I'm not sure how to proceed, but I think the solution should begin by find the total charge on the sphere (ie., adding the integral of the charge calculable from the surface charge density with the integral of the charge calculable from the volume charge density). Am I on the right track?

Matterwave
Gold Member
So, inside the sphere, what does Gauss's law say? Outside the sphere? Try drawing Gaussian surfaces which are spheres inside and outside the sphere of charge.

I know how to do the first part, i think... (finding $$\sigma$$). Basically you just use Gauss's Law

$$\oint{E \cdot dA}=\frac{Q_\text{enclosed}}{\epsilon_0}$$

... except you set the $$r$$ in that equation equal to $$2R$$, so you can ultimately set the expression for the $$E$$-field equal to zero and... yeah.

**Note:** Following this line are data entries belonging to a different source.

(* Let $k$ be a field, $d\ge 1$ an integer, and let $(\mathcal{C},\Sigma^d,\Theta)$ be a $k$-linear, Hom-finite, Krull–Schmidt $(d+2)$-angulated category. Let $X$ be an indecomposable object of $\mathcal{C}$. Then the sets $S(X)$ and $T(X)$ (defined in the context) are both non-empty.
   Context: A $(d+2)$-angulated category (in the sense of Geiss–Keller–Oppermann) is a triple $(\mathcal{C},\Sigma^d,\Theta)$ where $\mathcal{C}$ is an additive category, $\Sigma^d$ is an automorphism of $\mathcal{C}$, and $\Theta$ is a class of sequences $A_0\xrightarrow{\alpha_0}A_1\xrightarrow{\alpha_1}\cdots\xrightarrow{\alpha_d}A_{d+1}\xrightarrow{\alpha_{d+1}}\Sigma^dA_0$ (called $(d+2)$-angles) satisfying the axioms (N1)–(N4): $\Theta$ is closed under isomorphisms, direct sums and direct summands, contains the trivial sequences $A\xrightarrow{1}A\to0\to\cdots\to0\to\Sigma^dA$, and every morphism $A_0\to A_1$ extends to a $(d+2)$-angle; a sequence is in $\Theta$ iff its left rotation $A_1\to\cdots\to A_{d+1}\to\Sigma^dA_0\xrightarrow{(-1)^d\Sigma^d\alpha_0}\Sigma^dA_1$ is; every commutative square between the first two terms of two $(d+2)$-angles extends to a morphism of $(d+2)$-angles; and this extension can be chosen so that the mapping cone is a $(d+2)$-angle. A $(d+2)$-angle is split if $\alpha_{d+1}=0$ (equivalently $\alpha_0$ is a section, equivalently $\alpha_d$ is a retraction). $\mathrm{rad}_{\mathcal{C}}$ denotes the Jacobson radical of $\mathcal{C}$. For an indecomposable $X$, $S(X)$ is the set of non-split $(d+2)$-angles of the form $A\xrightarrow{\alpha_0}A_1\xrightarrow{\alpha_1}\cdots\xrightarrow{\alpha_{d-1}}A_d\xrightarrow{\alpha_d}X\xrightarrow{\alpha_{d+1}}\Sigma^dA$ with $A$ indecomposable and, when $d\ge2$, $\alpha_1,\dots,\alpha_{d-1}\in\mathrm{rad}_{\mathcal{C}}$. Dually, $T(X)$ is the set of non-split $(d+2)$-angles of the form $X\xrightarrow{\alpha_0}A_1\xrightarrow{\alpha_1}\cdots\xrightarrow{\alpha_{d-1}}A_d\xrightarrow{\alpha_d}A\xrightarrow{\alpha_{d+1}}\Sigma^dX$ with $A$ indecomposable and, when $d\ge2$, $\alpha_1,\dots,\alpha_{d-1}\in\mathrm{rad}_{\mathcal{C}}$. *)

theory Defs
  imports Main
begin
lemma shoot_nonempty:
  assumes "strict_branches F" "G \<in> shoot F v"
  shows "G \<noteq> {}"
proof -
  obtain M where M: "G = (\<Union>m\<in>M. F (v @ [m]))" "finite (- M)"
    using assms(2) unfolding shoot_eq by blast
  then have "M \<noteq> {}" using infinite_UNIV_nat by auto
  with M(1) strict_branches_nonempty[OF assms(1)] show ?thesis by blast
qed

lemma locally_strict_Union:
  assumes "locally_strict F"
  shows "F v = (\<Union>m. F (v @ [m]))"
proof -
  have "F v = (\<Union>s\<in>sons v. F s)"
    using assms[unfolded locally_strict_def, THEN spec, of v] by (rule conjunct1)
  then show ?thesis by (simp only: sons_def image_image)
qed

lemma locally_strict_sons_disjoint:
  assumes "locally_strict F" "m \<noteq> n"
  shows "F (v @ [m]) \<inter> F (v @ [n]) = {}"
proof -
  have "disjoint_family_on F (sons v)"
    using assms(1)[unfolded locally_strict_def, THEN spec, of v] by (rule conjunct2)
  with assms(2) show ?thesis unfolding disjoint_family_on_def sons_def by simp
qed

lemma locally_strict_mono:
  assumes F: "locally_strict F" and "prefix x y"
  shows "F y \<subseteq> F x"
proof -
  obtain z where "y = x @ z" using assms(2) prefixE by blast
  moreover have "F (x @ z) \<subseteq> F x"
  proof (induction z rule: rev_induct)
    case (snoc m z)
    have "F (x @ z @ [m]) \<subseteq> F (x @ z)"
      using locally_strict_Union[OF F, of "x @ z"] by auto
    with snoc show ?case by simp
  qed simp
  ultimately show ?thesis by simp
qed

But the part about $$\rho$$ still has me stumped. Can anyone offer a bit more help?

Also, correction to the problem: the field inside the sphere is not radially atuned, it is directed radially outwards.

So can you express $$\sigma$$ in terms of $$Q_{total}$$?

For the $$\rho$$ part you have to take Gauss surfaces inside the sphere as Matterwave said.